On the rotational–translational equilibrium in non-thermal argon plasmas at atmospheric pressure

Abstract

Abstract This work examines the rotational–translational equilibrium in non-thermal, argon-based plasmas at atmospheric pressure. In particular, rotational temperatures (T rot) and neutral gas temperatures (T g) are compared along the axis of plasma columns sustained by either radiofrequency (RF) or microwave (MW) electromagnetic fields. Water vapours or N2 admixtures are added to the high-purity argon plasmas to record the rotational temperatures from the emission spectra of either the OH(A2Σ + − X2Π i ) or the N2 +(B2Σ u + − X2Σ g + ) rovibrational systems. T g values are also deduced from the line broadening of selected Ar emission lines using an hyperfine spectrometer. In the MW Ar/H2O plasma, T g decreases from ∼2100 K close to the wave launcher to ∼1600 K near the end of the plasma column, while T rot is mostly constant in the 1500 K range.

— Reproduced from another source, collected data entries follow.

theorem proposition3p2:
  fixes \<alpha> \<beta> :: "nat \<times> nat \<Rightarrow> real"
  assumes "weighted_shift \<alpha> \<beta>" and "commuting_shift \<alpha> \<beta>"
  shows "(L_positive \<alpha> \<beta> \<longleftrightarrow>
            (\<forall>k1 k2. \<alpha> (k1,k2+1) * \<beta> (k1+1,k2) \<le> \<alpha> (k1+1,k2) * \<beta> (k1,k2+1)))
       \<and> ((\<forall>k1 k2. \<alpha> (k1,k2+1) * \<beta> (k1+1,k2) \<le> \<alpha> (k1+1,k2) * \<beta> (k1,k2+1)) \<longleftrightarrow>
            (\<forall>k1 k2. (moment \<alpha> \<beta> (k1+1,k2+1))\<^sup>2 \<le> moment \<alpha> \<beta> (k1+2,k2) * moment \<alpha> \<beta> (k1,k2+2)))"
proof -
  have "L_positive \<alpha> \<beta> \<longleftrightarrow>
      (\<forall>k. \<alpha> (add_eps2 k) * \<beta> (add_eps1 k) \<le> \<alpha> (add_eps1 k) * \<beta> (add_eps2 k))"
    using L_positive_imp_weight_ineq[OF assms(1)] weight_ineq_imp_L_positive[OF assms(1)] by blast
  also have "\<dots> \<longleftrightarrow> (\<forall>k1 k2. \<alpha> (k1,k2+1) * \<beta> (k1+1,k2) \<le> \<alpha> (k1+1,k2) * \<beta> (k1,k2+1))"
    by (simp add: add_eps1_def add_eps2_def)
  finally show ?thesis
    using moment_ineq_iff_weight_ineq[OF assms] by (simp add: numeral_2_eq_2)
qed

end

In presence of N2 admixtures instead of water vapours, T g is higher by about 300 K (from ∼2400 K to ∼1900 K), while T rot decreases from ∼3200 K to ∼2750 K along the plasma column. A discrepancy between T g and T rot is also observed in the much colder RF plasmas with T g ∼ 400 K and T rot ∼ 515 K. Such departure from the rotational–translational equilibrium in both plasmas is ascribed to the influence of electrons competing with neutrals to impose their own temperature on the distribution of rotational levels of both ground and excited states.